This is a rant.

Meet the disgruntled customer:

We’ll call her, oh, let’s say, Katherine. Katherine sees the infinitely shiny and appealing new application store on iTunes. Katherine wants. Katherine eagerly downloads applications and proceeds to cry a bucket of invisible tears when she realizes that she must wait (oh no) a whole ten hours for Apple to release iPhone software 2.0 (the worst sort of tease).

Katherine eagerly goes to sleep, wakes up, and, lo and behold, the infinitely shinier and OMG1!1!! iPhone 2.0 update is available! She plugs her iPhone in and clicks ‘check update’ followed by ‘download and install.’ Fail. She tries again: more fail. Katherine is a little distressed, but she perseveres. Everything now insists Katherine has the latest update (which is NOT 2.0), so Katherine unplugs and reconnects her iPhone to the computer, and tries again, only clicking ‘download’ instead of install. At last the sparkly new update downloads! But then it does not install, and mysteriously disappears from her hard drive. Katherine tries downloading the software again and updating.

Uh-oh. What. NO. NO. MY BABY. WHAT DO YOU MEAN ERROR, APPLE?!

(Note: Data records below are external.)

lemma pmeet_eqI:
  assumes \<mu>: "partition_on U \<mu>"
    and coarser: "prefines \<mu> \<rho>" "prefines \<mu> \<rho>'" and blocks: "\<mu> \<subseteq> \<rho> \<union> \<rho>'"
  shows "pmeet U \<rho> \<rho>' = \<mu>"
proof -
  let ?E = "{(x, y). \<exists>B\<in>\<mu>. x \<in> B \<and> y \<in> B}"
  have covered: "\<exists>B\<in>\<mu>. u \<in> B" if "u \<in> U" for u
    using that partition_onD1[OF \<mu>] by blast
  have generators: "{(u, v). \<exists>B \<in> \<rho> \<union> \<rho>'. u \<in> B \<and> v \<in> B} \<union> Id_on U = ?E"
  proof (intro equalityI subrelI)
    fix u v assume "(u, v) \<in> {(u, v). \<exists>B \<in> \<rho> \<union> \<rho>'. u \<in> B \<and> v \<in> B} \<union> Id_on U"
    then consider B where "B \<in> \<rho> \<union> \<rho>'" "u \<in> B" "v \<in> B" | "u \<in> U" "u = v"
      unfolding Id_on_iff by blast
    then show "(u, v) \<in> ?E"
    proof cases
      case 1
      with coarser obtain C where "C \<in> \<mu>" "B \<subseteq> C"
        unfolding prefines_def by blast
      with 1 show ?thesis by blast
    next
      case 2
      with covered show ?thesis by blast
    qed
  next
    fix u v assume "(u, v) \<in> ?E"
    with blocks show "(u, v) \<in> {(u, v). \<exists>B \<in> \<rho> \<union> \<rho>'. u \<in> B \<and> v \<in> B} \<union> Id_on U"
      by blast
  qed
  have "trans ?E"
    using equiv_partition_on[OF \<mu>] by (auto elim: equivE)
  then have closure: "?E\<^sup>* = ?E \<union> Id"
    by (simp add: rtrancl_trancl_reflcl)
  have "(?E \<union> Id) `` {x} = ?E `` {x}" if "x \<in> U" for x
  proof -
    have "(x, x) \<in> ?E" using covered[OF that] by blast
    then show ?thesis by (auto simp: Image_Un)
  qed
  then have "U // (?E \<union> Id) = U // ?E"
    unfolding quotient_def by simp
  then show ?thesis
    unfolding pmeet_def generators closure using partition_on_eq_quotient[OF \<mu>] by simp
qed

Katherine tries doing a restore (because the iPhone still thinks it has the latest version of its OS system). All seems to be going well, it’s been restored, the firmware is updating–error. Katherine’s phone can’t find the iTunes store.

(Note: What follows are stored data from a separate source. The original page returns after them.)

lemma restr_norm_nonneg:
  assumes "subspace V"
  shows "0 \<le> restr_norm T V"
proof -
  have "0 \<in> {norm (T x) | x. x \<in> V \<and> norm x \<le> 1}"
    using subspace_0[OF assms] by (auto intro!: exI[of _ 0])
  then show ?thesis
    unfolding restr_norm_def by (rule cSup_upper2[OF _ order_refl bdd_above_restr_norm])
qed

lemma norm_apply_le_restr_norm:
  fixes T :: "'a::real_normed_vector \<Rightarrow>\<^sub>L 'b::real_normed_vector"
  assumes "subspace V" and "y \<in> V"
  shows "norm (T y) \<le> restr_norm T V * norm y"
proof (cases "y = 0")
  case False
  have "norm (T (y /\<^sub>R norm y)) \<le> restr_norm T V"
    unfolding restr_norm_def
    by (rule cSup_upper[OF _ bdd_above_restr_norm]) (use subspace_scale[OF assms] False in auto)
  then show ?thesis
    using False by (simp add: blinfun.scaleR_right field_simps)
qed simp

lemma restr_norm_approx:
  fixes T :: "'a::real_normed_vector \<Rightarrow>\<^sub>L 'b::real_normed_vector"
  assumes V: "subspace V" and "0 \<le> c" and "c < restr_norm T V"
  obtains u where "u \<in> V" "norm u = 1" "c < norm (T u)"
proof -
  let ?S = "{norm (T x) | x. x \<in> V \<and> norm x \<le> 1}"
  have "?S \<noteq> {}"
    using subspace_0[OF V] by (auto intro!: exI[of _ 0])
  with assms(3) obtain x where x: "x \<in> V" "norm x \<le> 1" "c < norm (T x)"
    using less_cSup_iff[OF _ bdd_above_restr_norm] unfolding restr_norm_def by blast
  then have "x \<noteq> 0" using \<open>0 \<le> c\<close> by auto
  have "norm (T x) \<le> norm (T (x /\<^sub>R norm x))"
    using x(2) \<open>x \<noteq> 0\<close> by (simp add: blinfun.scaleR_right field_simps mult_left_le_one_le)
  with x \<open>x \<noteq> 0\<close> subspace_scale[OF V] show ?thesis
    by (intro that[of "x /\<^sub>R norm x"]) auto
qed

lemma norming_seq_in_subspace:
  fixes T :: "'a::real_normed_vector \<Rightarrow>\<^sub>L 'b::real_normed_vector"
  assumes "T \<noteq> 0" and V: "subspace V" and le: "norm T \<le> restr_norm T V"
  obtains xs where "norming_seq T xs" "\<And>n. xs n \<in> V"
proof -
  define \<epsilon> where "\<epsilon> n = norm T / real (Suc (Suc n))" for n
  have "0 < norm T" using assms by simp
  then have "0 < \<epsilon> n" "\<epsilon> n < norm T" for n
    by (auto simp: \<epsilon>_def field_simps add_pos_nonneg)
  then have "\<exists>u. u \<in> V \<and> norm u = 1 \<and> norm T - \<epsilon> n < norm (T u)" for n
  proof -
    have "0 \<le> norm T - \<epsilon> n" "norm T - \<epsilon> n < restr_norm T V"
      using \<open>0 < \<epsilon> n\<close> \<open>\<epsilon> n < norm T\<close> le by linarith+
    from restr_norm_approx[OF V this] show ?thesis by blast
  qed
  then obtain xs where xs: "\<And>n. xs n \<in> V" "\<And>n. norm (xs n) = 1"
    "\<And>n. norm T - \<epsilon> n < norm (T (xs n))"
    by metis
  have "\<epsilon> \<longlonglongrightarrow> 0"
    unfolding \<epsilon>_def by (intro LIMSEQ_Suc lim_const_over_n)
  from tendsto_diff[OF tendsto_const[of "norm T"] this]
  have lim: "(\<lambda>n. norm T - \<epsilon> n) \<longlonglongrightarrow> norm T" by simp
  have lower: "\<forall>n. norm T - \<epsilon> n \<le> norm (T (xs n))"
    using xs(3) less_imp_le by blast
  have upper: "\<forall>n. norm (T (xs n)) \<le> norm T"
    using norm_blinfun[of T] xs(2) by (metis mult.right_neutral)
  have "(\<lambda>n. norm (T (xs n))) \<longlonglongrightarrow> norm T"
    by (rule real_tendsto_sandwich[OF always_eventually[OF lower] always_eventually[OF upper]
          lim tendsto_const])
  with xs(2) have "norming_seq T xs" by (simp add: norming_seq_def)
  then show ?thesis using xs(1) by (rule that)
qed

lemma norming_seq_exists:
  fixes T :: "'a::real_normed_vector \<Rightarrow>\<^sub>L 'b::real_normed_vector"
  assumes "T \<noteq> 0"
  obtains xs where "norming_seq T xs"
proof (rule norming_seq_in_subspace[OF assms subspace_UNIV])
  show "norm T \<le> restr_norm T UNIV"
    by (rule norm_blinfun_bound[OF restr_norm_nonneg[OF subspace_UNIV]])
      (rule norm_apply_le_restr_norm[OF subspace_UNIV UNIV_I])
qed

lemma subspace_inner_zero: "subspace {x. x \<bullet> v = 0}"
  by (auto simp: subspace_def inner_add_left)

lemma norming_seq_const:
  assumes "x \<in> norm_attain T"
  shows "norming_seq T (\<lambda>n. x)"
  using assms by (simp add: norm_attain_def norming_seq_def)

lemma norming_seq_subseq:
  assumes "norming_seq T xs" and "strict_mono r"
  shows "norming_seq T (xs \<circ> r)"
  using assms LIMSEQ_subseq_LIMSEQ[of "\<lambda>n. norm (T (xs n))" "norm T" r]
  by (auto simp: norming_seq_def o_def)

Katherine’s phone has NO OS, no contacts, no ANYTHING. Katherine effectively has no phone.

Dear Steve Jobs,Thanks for your extremely unshiny update that has just Black Plague’d my means of communication with the outside world to death. I really wanted to spend my entire morning trying to clean up your aftermath.  I’ll use my iPhone as a doorstop, because that is about all it is useful for, and it even stinks at doing that because it’s too small.

Sincerely,
Katherine

What have we learned from this? (Besides the fact that not all updates are shiny, and being technologically at the front of the line is not always worth it.) If your business deals in technology, you better make it easy for your old customers to update. Do NOT force them to connect to your ONLINE STORE in order to activate the update: I guarantee you that your bandwidth cannot handle it unless you have under 10 customers. (This is made more frustrating by the fact that I can access the iTunes store via iTunes–but apparently not with my phone? What?) Not everyone buys the new and shiny things right away.

Barry says to be there when your customers are ready to buy. Katherine says to be there when they’re ready to update with something that WORKS, and if it doesn’t, send an update–if you have no problem sending me 3726 emails about the iPhone 3G (or *insert shiny new product here*), how about one apologizing for messing up, or one that says ‘we’ll have everything up and running in an hour, your updates will occur then.’ Just because you are a large corporation with many customers does not mean you can ignore your old customers (unless, of course, it’s a plot to make us all fed up and buy the new product, in which case, all hail capitalism at its finest). But don’t just give me error messages and direct me to support pages, I want to know WHY you have failed to provide me the service I paid for. Communication is important.

Being there when they want to throw bricks (better known as useless phones) at your head, is, of course, up to you.

Ah, edit: Apple fails to provide because they didn’t learn from their failure last year. Barry says that there isn’t always something to learn from failure–let’s all remember to always make sure that there isn’t.